Auto_key >random_key> UUID, uUID has the lowest efficiency, in the case of a large amount of data, the efficiency plummets. So why does this happen? With that in mind, let’s explore this question:
2. Compare the index structure with uUID and increment ID
2.1. Internal structure using the increment ID
The values of the incremented primary keys are sequential, so Innodb stores each record at the end of a record. When the maximum fill factor of a page is reached (InnoDB defaults to 15/16 of the page size, leaving 1/16 of the page space for future changes) :
① The next record will be written to a new page. Once the data is loaded in this way, the primary key page will be almost filled with sequential records, increasing the maximum fill rate of the page, and there will be no page waste
(2) The inserted row must be one row below the original maximum data row. Mysql is quick to locate and address the new row, so there is no extra cost to calculate the position of the new row
③ Reduce the generation of page splitting and fragmentation
2.2. Internal index structure using UUID
Because uuid is random relative to sequential increment ids, the value of a new row does not have to be greater than the value of the previous primary key, so InnoDB cannot always insert a new row to the end of the index. Instead, it needs to find a new appropriate place for the new row to allocate new space.

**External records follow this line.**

(* Let $p_\theta(\tau)$ be a family of distributions over trajectories $\tau$, differentiable in the parameter $\theta$, with real reward $R(\tau)$. Let $S=S(\tau;\theta)$ be a discrete stratum assignment (which may depend on $\theta$), $p_k(\theta)=\Pr_\theta(S=k)$, $\mu_k(\theta)=\mathbb E_\theta[R\mid S=k]$, and $\sigma_k(\theta)>0$ the stratum-wise standard deviation of $R$ given $S=k$. Let $\varepsilon>0$ and define \[A_{\mathrm{SAN}}(\tau)=\frac{R(\tau)-\mu_S(\theta)}{\sigma_S(\theta)+\varepsilon}.\] Then, under standard regularity conditions allowing differentiation under the expectation, \[\mathbb E_\theta\big[A_{\mathrm{SAN}}(\tau)\nabla_\theta\log p_\theta(\tau)\big]=\sum_k\frac{p_k(\theta)}{\sigma_k(\theta)+\varepsilon}\nabla_\theta\mu_k(\theta).\] *)

theory Defs
  imports "HOL-Analysis.Analysis"
begin

definition grad :: "('a::euclidean_space \<Rightarrow> real) \<Rightarrow> 'a \<Rightarrow> 'a" where
  "grad f x = (THE g. (f has_derivative (\<lambda>h. g \<bullet> h)) (at x))"

definition expect :: "'t measure \<Rightarrow> ('a \<Rightarrow> 't \<Rightarrow> real) \<Rightarrow> 'a \<Rightarrow> ('t \<Rightarrow> 'b::{banach,second_countable_topology}) \<Rightarrow> 'b" where
  "expect M p \<theta> f = (\<integral>\<tau>. p \<theta> \<tau> *\<^sub>R f \<tau> \<partial>M)"

definition strat_prob :: "'t measure \<Rightarrow> ('a \<Rightarrow> 't \<Rightarrow> real) \<Rightarrow> ('a \<Rightarrow> 't \<Rightarrow> 'k) \<Rightarrow> 'a \<Rightarrow> 'k \<Rightarrow> real" where
  "strat_prob M p S \<theta> k = expect M p \<theta> (\<lambda>\<tau>. if S \<theta> \<tau> = k then 1 else 0)"

definition strat_mean :: "'t measure \<Rightarrow> ('a \<Rightarrow> 't \<Rightarrow> real) \<Rightarrow> ('a \<Rightarrow> 't \<Rightarrow> 'k) \<Rightarrow> ('t \<Rightarrow> real) \<Rightarrow> 'a \<Rightarrow> 'k \<Rightarrow> real" where
  "strat_mean M p S R \<theta> k =
     expect M p \<theta> (\<lambda>\<tau>. if S \<theta> \<tau> = k then R \<tau> else 0) / strat_prob M p S \<theta> k"

definition strat_sd :: "'t measure \<Rightarrow> ('a \<Rightarrow> 't \<Rightarrow> real) \<Rightarrow> ('a \<Rightarrow> 't \<Rightarrow> 'k) \<Rightarrow> ('t \<Rightarrow> real) \<Rightarrow> 'a \<Rightarrow> 'k \<Rightarrow> real" where
  "strat_sd M p S R \<theta> k =
     sqrt (expect M p \<theta> (\<lambda>\<tau>. if S \<theta> \<tau> = k then (R \<tau> - strat_mean M p S R \<theta> k)\<^sup>2 else 0)
           / strat_prob M p S \<theta> k)"

definition A_SAN :: "'t measure \<Rightarrow> ('a \<Rightarrow> 't \<Rightarrow> real) \<Rightarrow> ('a \<Rightarrow> 't \<Rightarrow> 'k) \<Rightarrow> ('t \<Rightarrow> real) \<Rightarrow> real \<Rightarrow> 'a \<Rightarrow> 't \<Rightarrow> real" where
  "A_SAN M p S R \<epsilon> \<theta> \<tau> =
     (R \<tau> - strat_mean M p S R \<theta> (S \<theta> \<tau>)) / (strat_sd M p S R \<theta> (S \<theta> \<tau>) + \<epsilon>)"

end

theory Submission
  imports Defs
begin

text \<open>On stratum \<open>k\<close> the advantage is \<open>(R - \<mu>\<^sub>k) / (\<sigma>\<^sub>k + \<epsilon>)\<close>, with a
  constant denominator, so the expectation splits into a finite sum over strata. The
  log-derivative trick \<open>p \<nabla> log p = \<nabla>p\<close> turns each stratum term into
  \<open>\<nabla>N\<^sub>k - \<mu>\<^sub>k \<nabla>P\<^sub>k\<close>, where \<open>P\<^sub>k = \<integral> 1{S = k} p\<close> and \<open>N\<^sub>k = \<integral> 1{S = k} p R\<close> are
  differentiated under the integral. Since \<open>\<mu>\<^sub>k = N\<^sub>k / P\<^sub>k\<close>, the quotient rule gives
  exactly \<open>\<nabla>N\<^sub>k - \<mu>\<^sub>k \<nabla>P\<^sub>k = P\<^sub>k \<nabla>\<mu>\<^sub>k\<close>.\<close>

lemma grad_eqI:
  fixes f :: "'a::euclidean_space \<Rightarrow> real"
  assumes "(f has_derivative (\<lambda>h. g \<bullet> h)) (at x)"
  shows "grad f x = g"
  unfolding grad_def
proof (rule the_equality)
  show "(f has_derivative (\<lambda>h. g \<bullet> h)) (at x)" by fact
  fix g' assume "(f has_derivative (\<lambda>h. g' \<bullet> h)) (at x)"
  from has_derivative_unique[OF this assms]
  have "(g' - g) \<bullet> (g' - g) = 0"
    by (metis inner_diff_left diff_self)
  then show "g' = g" by simp
qed

text \<open>At a zero of the nonnegative \<open>f\<close>, \<open>g\<close> vanishes because \<open>x\<close> is a minimum of \<open>f\<close>,
  and the junk value of the logarithm there is killed by the factor \<open>f x = 0\<close>.\<close>

lemma scaleR_grad_ln:
  fixes f :: "'a::euclidean_space \<Rightarrow> real"
  assumes nonneg: "\<And>y. f y \<ge> 0"
    and deriv: "(f has_derivative (\<lambda>h. g \<bullet> h)) (at x)"
  shows "f x *\<^sub>R grad (\<lambda>y. ln (f y)) x = g"
proof (cases "f x = 0")
  case True
  have "(\<lambda>h. g \<bullet> h) = (\<lambda>h. 0)"
    by (rule has_derivative_local_min[OF deriv]) (use True nonneg in auto)
  then have "g \<bullet> g = 0" by metis
  with True show ?thesis by simp
next
  case False
  with nonneg have pos: "f x > 0" by (simp add: order_less_le)
  have "((\<lambda>y. ln (f y)) has_derivative (\<lambda>h. ((1 / f x) *\<^sub>R g) \<bullet> h)) (at x)"
    using has_derivative_ln[OF pos deriv] by (simp add: field_simps)
  then have "grad (\<lambda>y. ln (f y)) x = (1 / f x) *\<^sub>R g" by (rule grad_eqI)
  with False show ?thesis by simp
qed

lemma has_derivative_divide_inner:
  fixes N P :: "'a::real_inner \<Rightarrow> real"
  assumes dN: "(N has_derivative (\<lambda>h. N' \<bullet> h)) (at x)"
    and dP: "(P has_derivative (\<lambda>h. P' \<bullet> h)) (at x)"
    and nz: "P x \<noteq> 0"
  shows "((\<lambda>y. N y / P y) has_derivative
           (\<lambda>h. ((1 / P x) *\<^sub>R (N' - (N x / P x) *\<^sub>R P')) \<bullet> h)) (at x)"
proof -
  have "(\<lambda>h. (N' \<bullet> h * P x - N x * (P' \<bullet> h)) / (P x * P x))
      = (\<lambda>h. ((1 / P x) *\<^sub>R (N' - (N x / P x) *\<^sub>R P')) \<bullet> h)"
    using nz by (auto simp: fun_eq_iff inner_diff_left field_simps)
  with has_derivative_divide'[OF dN dP nz] show ?thesis by simp
qed

lemma integrable_if_level_set:
  fixes f :: "'t \<Rightarrow> 'b::{banach,second_countable_topology}"
  assumes "{\<tau> \<in> space M. s \<tau> = k} \<in> sets M" and "integrable M f"
  shows "integrable M (\<lambda>\<tau>. if s \<tau> = k then f \<tau> else 0)"
  using integrable_mult_indicator[OF assms]
  by (rule Bochner_Integration.integrable_cong[THEN iffD1, rotated 2]) (auto simp: indicator_def)

lemma integral_sum_level_sets:
  fixes F :: "'k \<Rightarrow> 't \<Rightarrow> 'b::{banach,second_countable_topology}"
  assumes "finite K" and range: "\<And>\<tau>. s \<tau> \<in> K"
    and meas: "\<And>k. {\<tau> \<in> space M. s \<tau> = k} \<in> sets M"
    and int: "\<And>k. k \<in> K \<Longrightarrow> integrable M (F k)"
  shows "(\<integral>\<tau>. F (s \<tau>) \<tau> \<partial>M) = (\<Sum>k\<in>K. \<integral>\<tau>. (if s \<tau> = k then F k \<tau> else 0) \<partial>M)"
proof -
  have "F (s \<tau>) \<tau> = (\<Sum>k\<in>K. if s \<tau> = k then F k \<tau> else 0)" for \<tau>
    using \<open>finite K\<close> range by (simp add: sum.delta')
  then have "(\<integral>\<tau>. F (s \<tau>) \<tau> \<partial>M) = (\<integral>\<tau>. (\<Sum>k\<in>K. if s \<tau> = k then F k \<tau> else 0) \<partial>M)"
    by simp
  also have "\<dots> = (\<Sum>k\<in>K. \<integral>\<tau>. (if s \<tau> = k then F k \<tau> else 0) \<partial>M)"
    by (intro Bochner_Integration.integral_sum integrable_if_level_set meas int)
  finally show ?thesis .
qed

lemma integral_level_set_centered:
  fixes D :: "'t \<Rightarrow> 'b::{banach,second_countable_topology}"
  assumes meas: "{\<tau> \<in> space M. s \<tau> = k} \<in> sets M"
    and "integrable M D" and "integrable M (\<lambda>\<tau>. r \<tau> *\<^sub>R D \<tau>)"
  shows "(\<integral>\<tau>. (if s \<tau> = k then c *\<^sub>R ((r \<tau> - m) *\<^sub>R D \<tau>) else 0) \<partial>M)
       = c *\<^sub>R ((\<integral>\<tau>. (if s \<tau> = k then r \<tau> *\<^sub>R D \<tau> else 0) \<partial>M)
                 - m *\<^sub>R (\<integral>\<tau>. (if s \<tau> = k then D \<tau> else 0) \<partial>M))"
proof -
  have rD: "integrable M (\<lambda>\<tau>. if s \<tau> = k then r \<tau> *\<^sub>R D \<tau> else 0)"
    and D: "integrable M (\<lambda>\<tau>. if s \<tau> = k then D \<tau> else 0)"
    using assms by (auto intro: integrable_if_level_set)
  have "(\<lambda>\<tau>. if s \<tau> = k then c *\<^sub>R ((r \<tau> - m) *\<^sub>R D \<tau>) else 0)
      = (\<lambda>\<tau>. c *\<^sub>R ((if s \<tau> = k then r \<tau> *\<^sub>R D \<tau> else 0) - m *\<^sub>R (if s \<tau> = k then D \<tau> else 0)))"
    by (auto simp: fun_eq_iff scaleR_diff_left)
  then show ?thesis
    by (simp add: Bochner_Integration.integral_diff[OF rD integrable_scaleR_right[OF D]])
qed

lemma strat_prob_eq_integral:
  "strat_prob M p S \<theta> k = (\<integral>\<tau>. (if S \<theta> \<tau> = k then p \<theta> \<tau> else 0) \<partial>M)"
  unfolding strat_prob_def expect_def by (rule Bochner_Integration.integral_cong) auto

lemma strat_mean_eq_quotient:
  "strat_mean M p S R \<theta> k
     = (\<integral>\<tau>. (if S \<theta> \<tau> = k then p \<theta> \<tau> * R \<tau> else 0) \<partial>M) / strat_prob M p S \<theta> k"
  unfolding strat_mean_def expect_def
  by (intro arg_cong2[where f="(/)"] refl Bochner_Integration.integral_cong) auto

text \<open>Division by zero yields zero, so a positive standard deviation forces a
  nonzero stratum probability.\<close>

lemma strat_prob_nonzero_if_sd_pos:
  assumes "strat_sd M p S R \<theta> k > 0"
  shows "strat_prob M p S \<theta> k \<noteq> 0"
  using assms unfolding strat_sd_def by auto

lemma has_derivative_strat_mean:
  assumes nz: "strat_prob M p S \<theta>0 k \<noteq> 0"
    and dP: "((\<lambda>\<theta>. \<integral>\<tau>. (if S \<theta> \<tau> = k then p \<theta> \<tau> else 0) \<partial>M) has_derivative
              (\<lambda>h. P' \<bullet> h)) (at \<theta>0)"
    and dN: "((\<lambda>\<theta>. \<integral>\<tau>. (if S \<theta> \<tau> = k then p \<theta> \<tau> * R \<tau> else 0) \<partial>M) has_derivative
              (\<lambda>h. N' \<bullet> h)) (at \<theta>0)"
  shows "((\<lambda>\<theta>. strat_mean M p S R \<theta> k) has_derivative
           (\<lambda>h. ((1 / strat_prob M p S \<theta>0 k)
                  *\<^sub>R (N' - strat_mean M p S R \<theta>0 k *\<^sub>R P')) \<bullet> h)) (at \<theta>0)"
  using has_derivative_divide_inner[OF dN dP] nz
  unfolding strat_mean_eq_quotient strat_prob_eq_integral by simp

theorem mainTheorem5:
  fixes M :: "'t measure"
    and p :: "'a::euclidean_space \<Rightarrow> 't \<Rightarrow> real"
    and Dp :: "'a \<Rightarrow> 't \<Rightarrow> 'a"
    and R :: "'t \<Rightarrow> real"
    and S :: "'a \<Rightarrow> 't \<Rightarrow> 'k"
    and K :: "'k set"
    and \<epsilon> :: real
    and \<theta>0 :: 'a
  assumes dens_nonneg: "\<And>\<theta> \<tau>. p \<theta> \<tau> \<ge> 0"
    and dens_meas: "\<And>\<theta>. p \<theta> \<in> borel_measurable M"
    and dens_int: "\<And>\<theta>. integrable M (p \<theta>)"
    and dens_one: "\<And>\<theta>. (\<integral>\<tau>. p \<theta> \<tau> \<partial>M) = 1"
    and dens_diff: "\<And>\<theta> \<tau>. ((\<lambda>\<theta>'. p \<theta>' \<tau>) has_derivative (\<lambda>h. Dp \<theta> \<tau> \<bullet> h)) (at \<theta>)"
    and R_meas: "R \<in> borel_measurable M"
    and R_int: "\<And>\<theta>. integrable M (\<lambda>\<tau>. p \<theta> \<tau> * R \<tau>)"
    and R2_int: "\<And>\<theta>. integrable M (\<lambda>\<tau>. p \<theta> \<tau> * (R \<tau>)\<^sup>2)"
    and K_fin: "finite K"
    and S_range: "\<And>\<theta> \<tau>. S \<theta> \<tau> \<in> K"
    and S_meas: "\<And>\<theta> k. {\<tau> \<in> space M. S \<theta> \<tau> = k} \<in> sets M"
    and sd_pos: "\<And>k. k \<in> K \<Longrightarrow> strat_sd M p S R \<theta>0 k > 0"
    and eps_pos: "\<epsilon> > 0"
    and Dp_int: "integrable M (\<lambda>\<tau>. Dp \<theta>0 \<tau>)"
    and RDp_int: "integrable M (\<lambda>\<tau>. R \<tau> *\<^sub>R Dp \<theta>0 \<tau>)"
    and diff_under_int_prob: "\<And>k. k \<in> K \<Longrightarrow>
        ((\<lambda>\<theta>. \<integral>\<tau>. (if S \<theta> \<tau> = k then p \<theta> \<tau> else 0) \<partial>M) has_derivative
         (\<lambda>h. (\<integral>\<tau>. (if S \<theta>0 \<tau> = k then Dp \<theta>0 \<tau> else 0) \<partial>M) \<bullet> h)) (at \<theta>0)"
    and diff_under_int_R: "\<And>k. k \<in> K \<Longrightarrow>
        ((\<lambda>\<theta>. \<integral>\<tau>. (if S \<theta> \<tau> = k then p \<theta> \<tau> * R \<tau> else 0) \<partial>M) has_derivative
         (\<lambda>h. (\<integral>\<tau>. (if S \<theta>0 \<tau> = k then R \<tau> *\<^sub>R Dp \<theta>0 \<tau> else 0) \<partial>M) \<bullet> h)) (at \<theta>0)"
  shows "(\<forall>k\<in>K. (\<lambda>\<theta>. strat_mean M p S R \<theta> k) differentiable (at \<theta>0))
    \<and> expect M p \<theta>0 (\<lambda>\<tau>. A_SAN M p S R \<epsilon> \<theta>0 \<tau> *\<^sub>R grad (\<lambda>\<theta>. ln (p \<theta> \<tau>)) \<theta>0)
      = (\<Sum>k\<in>K. (strat_prob M p S \<theta>0 k / (strat_sd M p S R \<theta>0 k + \<epsilon>))
                   *\<^sub>R grad (\<lambda>\<theta>. strat_mean M p S R \<theta> k) \<theta>0)"
proof -
  define P where "P k = strat_prob M p S \<theta>0 k" for k
  define \<mu> where "\<mu> k = strat_mean M p S R \<theta>0 k" for k
  define c where "c k = 1 / (strat_sd M p S R \<theta>0 k + \<epsilon>)" for k
  define P' where "P' k = (\<integral>\<tau>. (if S \<theta>0 \<tau> = k then Dp \<theta>0 \<tau> else 0) \<partial>M)" for k
  define N' where "N' k = (\<integral>\<tau>. (if S \<theta>0 \<tau> = k then R \<tau> *\<^sub>R Dp \<theta>0 \<tau> else 0) \<partial>M)" for k
  have P_nz: "P k \<noteq> 0" if "k \<in> K" for k
    unfolding P_def using strat_prob_nonzero_if_sd_pos[OF sd_pos[OF that]] .
  have d\<mu>: "((\<lambda>\<theta>. strat_mean M p S R \<theta> k) has_derivative
      (\<lambda>h. ((1 / P k) *\<^sub>R (N' k - \<mu> k *\<^sub>R P' k)) \<bullet> h)) (at \<theta>0)" if "k \<in> K" for k
    unfolding P_def \<mu>_def N'_def P'_def
    using has_derivative_strat_mean[OF P_nz[OF that, unfolded P_def]
        diff_under_int_prob[OF that] diff_under_int_R[OF that]] .
  have "expect M p \<theta>0 (\<lambda>\<tau>. A_SAN M p S R \<epsilon> \<theta>0 \<tau> *\<^sub>R grad (\<lambda>\<theta>. ln (p \<theta> \<tau>)) \<theta>0)
      = (\<integral>\<tau>. c (S \<theta>0 \<tau>) *\<^sub>R ((R \<tau> - \<mu> (S \<theta>0 \<tau>)) *\<^sub>R Dp \<theta>0 \<tau>) \<partial>M)"
    unfolding expect_def scaleR_left_commute[of "p \<theta>0 _"]
      scaleR_grad_ln[OF dens_nonneg dens_diff]
    by (simp add: A_SAN_def c_def \<mu>_def)
  also have "\<dots> = (\<Sum>k\<in>K. \<integral>\<tau>. (if S \<theta>0 \<tau> = k then c k *\<^sub>R ((R \<tau> - \<mu> k) *\<^sub>R Dp \<theta>0 \<tau>) else 0) \<partial>M)"
    by (rule integral_sum_level_sets[OF K_fin S_range S_meas,
          where F="\<lambda>k \<tau>. c k *\<^sub>R ((R \<tau> - \<mu> k) *\<^sub>R Dp \<theta>0 \<tau>)"])
      (use RDp_int Dp_int in \<open>auto simp: scaleR_diff_left intro!: integrable_diff\<close>)
  also have "\<dots> = (\<Sum>k\<in>K. c k *\<^sub>R (N' k - \<mu> k *\<^sub>R P' k))"
    unfolding integral_level_set_centered[OF S_meas Dp_int RDp_int] N'_def P'_def ..
  also have "\<dots> = (\<Sum>k\<in>K. (P k * c k) *\<^sub>R grad (\<lambda>\<theta>. strat_mean M p S R \<theta> k) \<theta>0)"
    by (rule sum.cong) (simp_all add: grad_eqI[OF d\<mu>] P_nz)
  finally show ?thesis
    using d\<mu> unfolding differentiable_def P_def c_def by auto
qed

end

This process requires a lot of extra operations, and the data being out of order leads to the data distribution being disorganized, which can lead to the following problems:
① The written target page may have been flushed to disk and removed from the cache, or not yet loaded into the cache. Innodb will have to find and read the target page from disk into memory before inserting, which will cause a lot of random I/O
Innodb has to split pages frequently to allocate space for new rows because writes are out of order. Splitting results in moving a large amount of data, and at least three pages need to be modified at a time
After loading random values (UUID and snowflake ID) into the clustered index (innoDB default index type), sometimes you need to do an OPTIMEIZE TABLE to rebuild the TABLE and optimize the page population. This will take some time. Conclusion: Use InnoDB to insert rows in the incrementally increasing order of primary keys as much as possible, and insert rows as monotonously as possible with the values of the incrementally increasing cluster keys
2.3. Disadvantages of using an auto-increment ID
So there’s no harm in using an incremented ID at all? No, there are several problems with an increment id:
① Once others climb your database, you can get your business growth information according to the self-increasing ID of the database, and it is easy to analyze your business situation
(2) For high concurrent loads, InnoDB will cause obvious lock contention when pressing the primary key to insert. The upper bound of the primary key will become a hot spot for contention because all inserts take place here. Concurrent inserts will cause gap lock contention
If innodb_autoinc_lock_mode is set to innodb_autoinc_lock_mode, innodb_AUTOinc_lock_mode is set to innodb_AUTOinc_lock_mode, innodb_AUTOinc_lock_mode is set to innodb_AUTOinc_lock_mode
Third, summary
This blog first raises questions from the beginning, builds the table to uses the jdbcTemplate to test the different ID generation strategy in the large amount of data insert performance, and then analyzes the different ID mechanism in mysql index structure and advantages and disadvantages, in-depth explanation why uUID and random non-repeat ID in the data insert performance loss. Explains the problem in detail.
In the actual development or according to the official recommendation of mysql, it is best to use the self-increasing ID. Mysql is extensive and profound, and there are many points worth optimizing in the internal need for us to learn.